-- WORK REQUEST --
Among the lines below, list those containing the string "lborel".

-- INPUT DATA --

lemma neg_ln_twice_differentiable:
  fixes s :: "real \<Rightarrow> real" and D :: "real set"
  assumes D: "open D" and z: "z \<in> D"
    and pos: "\<And>x. x \<in> D \<Longrightarrow> 0 < s x"
    and d1: "\<And>x. x \<in> D \<Longrightarrow> s differentiable (at x)"
    and d2: "\<And>x. x \<in> D \<Longrightarrow> deriv s differentiable (at x)"
  defines "b \<equiv> \<lambda>x. - ln (s x)"
  shows "(b has_real_derivative deriv b z) (at z)"
    and "(deriv b has_real_derivative deriv (deriv b) z) (at z)"
proof -
  have ds: "(s has_real_derivative deriv s x) (at x)" if "x \<in> D" for x
    using d1 that DERIV_deriv_iff_real_differentiable by blast
  have dds: "(deriv s has_real_derivative deriv (deriv s) z) (at z)"
    using d2 z DERIV_deriv_iff_real_differentiable by blast
  have db: "(b has_real_derivative - (deriv s x / s x)) (at x)" if "x \<in> D" for x
    unfolding b_def using ds[OF that] pos[OF that]
    by (auto intro!: derivative_eq_intros simp: field_simps)
  have deriv_b: "deriv b x = - (deriv s x / s x)" if "x \<in> D" for x
    using db[OF that] by (rule DERIV_imp_deriv)
  show "(b has_real_derivative deriv b z) (at z)"
    using db[OF z] by (simp add: deriv_b[OF z])
  have "((\<lambda>x. - (deriv s x / s x)) has_real_derivative
      - ((deriv (deriv s) z * s z - deriv s z * deriv s z) / (s z * s z))) (at z)"
    using ds[OF z] dds pos[OF z] by (auto intro!: derivative_eq_intros simp: field_simps)
  then have "(deriv b has_real_derivative
      - ((deriv (deriv s) z * s z - deriv s z * deriv s z) / (s z * s z))) (at z)"
    by (rule has_field_derivative_transform_within_open[OF _ D z]) (simp add: deriv_b)
  then show "(deriv b has_real_derivative deriv (deriv b) z) (at z)"
    using DERIV_imp_deriv by metis
qed

theorem proposition2:
  fixes a :: ereal and s :: "real \<Rightarrow> real" and \<Lambda> :: "real set"
    and lam1 lam2 p :: real
  defines "D \<equiv> {x::real. a < ereal x}"
  defines "b \<equiv> (\<lambda>x. - ln (s x))"
  defines "k \<equiv> (\<lambda>lam. ln (laplace_tr a s lam))"
  defines "p1 \<equiv> p * exp (- k lam1)"
  defines "p2 \<equiv> (1 - p) * exp (- k lam2)"
  defines "c \<equiv> (lam2 - lam1) / 2"
  defines "d \<equiv> ln (sqrt (p1 / p2))"
  defines "f \<equiv> (\<lambda>x. (p * exp (- lam1 * x - k lam1) + (1 - p) * exp (- lam2 * x - k lam2)) * s x)"
  assumes a_fin: "a < \<infinity>"
    and s_pos: "\<forall>x\<in>D. s x > 0"
    and s_diff: "\<forall>x\<in>D. s differentiable (at x)"
    and s_diff2: "\<forall>x\<in>D. deriv s differentiable (at x)"
    and b_convex: "convex_on D b"
    and Lambda_open: "open \<Lambda>" and Lambda_interval: "is_interval \<Lambda>" and Lambda_ne: "\<Lambda> \<noteq> {}"
    and laplace_finite: "\<forall>lam\<in>\<Lambda>. set_integrable lborel D (\<lambda>x. exp (- lam * x) * s x)"
    and lam1: "lam1 \<in> \<Lambda>" and lam2: "lam2 \<in> \<Lambda>" and lam12: "lam1 < lam2"
    and p: "0 < p" "p < 1"
    and b2_pos: "\<forall>x\<in>D. deriv (deriv b) x > 0"
    and cosh_cond: "\<forall>x\<in>D. c / sqrt (deriv (deriv b) x) \<le> cosh (c * x + d)"
  shows "mono_on D (hazard_rate f)"
proof -
  note up = ereal_halfline_open_upclosed(2)[where a=a, folded D_def]
  note open_D = ereal_halfline_open_upclosed(1)[where a=a, folded D_def]
  have p1_pos: "0 < p1" and p2_pos: "0 < p2"
    using p by (simp_all add: p1_def p2_def)
  define M where "M z = p1 * exp (- lam1 * z) + p2 * exp (- lam2 * z)" for z
  have M_pos: "0 < M z" for z
    using p1_pos p2_pos by (simp add: M_def add_pos_pos)
  have f_eq: "f x = M x * s x" for x
    by (simp add: f_def M_def p1_def p2_def exp_diff exp_minus field_simps)
  have f_pos: "0 < f x" if "x \<in> D" for x
    using M_pos s_pos that by (simp add: f_eq)
  have f_int: "set_integrable lborel D f"
    unfolding f_eq[abs_def] M_def using laplace_finite lam1 lam2
    by (intro set_integrable_exp_mixture) auto
  define M' where "M' = (\<lambda>z. - (lam1 * p1 * exp (- lam1 * z) + lam2 * p2 * exp (- lam2 * z)) / M z)"
  have dM: "((\<lambda>z. ln (M z)) has_real_derivative M' z) (at z)"
    and dM': "(M' has_real_derivative (c / cosh (c * z + d))^2) (at z)" for z
    unfolding M'_def M_def c_def d_def by (rule exp_mixture_log_derivs[OF p1_pos p2_pos])+
  note db = neg_ln_twice_differentiable[OF open_D _ _ s_diff[rule_format] s_diff2[rule_format],
      folded b_def, OF _ s_pos[rule_format]]
  show ?thesis
  proof (rule hazard_rate_mono_on_of_log_deriv2_nonpos[OF up f_pos f_int])
    fix z assume z: "z \<in> D"
    show "ln (M z) - b z = ln (f z)"
      using M_pos[of z] s_pos z by (auto simp: b_def f_eq ln_mult)
    show "((\<lambda>z. ln (M z) - b z) has_real_derivative M' z - deriv b z) (at z)"
      using dM db(1)[OF z] by (rule DERIV_diff)
    show "((\<lambda>z. M' z - deriv b z) has_real_derivative
        (c / cosh (c * z + d))^2 - deriv (deriv b) z) (at z)"
      using dM' db(2)[OF z] by (rule DERIV_diff)
    have "(c / cosh (c * z + d))^2 \<le> deriv (deriv b) z"
      using lam12 b2_pos cosh_cond z by (intro cosh_bound_imp_square_le) (auto simp: c_def)
    then show "(c / cosh (c * z + d))^2 - deriv (deriv b) z \<le> 0"
      by simp
  qed
qed

end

-- COMPLETED EXERCISE --
    and laplace_finite: "\<forall>lam\<in>\<Lambda>. set_integrable lborel D (\<lambda>x. exp (- lam * x) * s x)"
  have f_int: "set_integrable lborel D f"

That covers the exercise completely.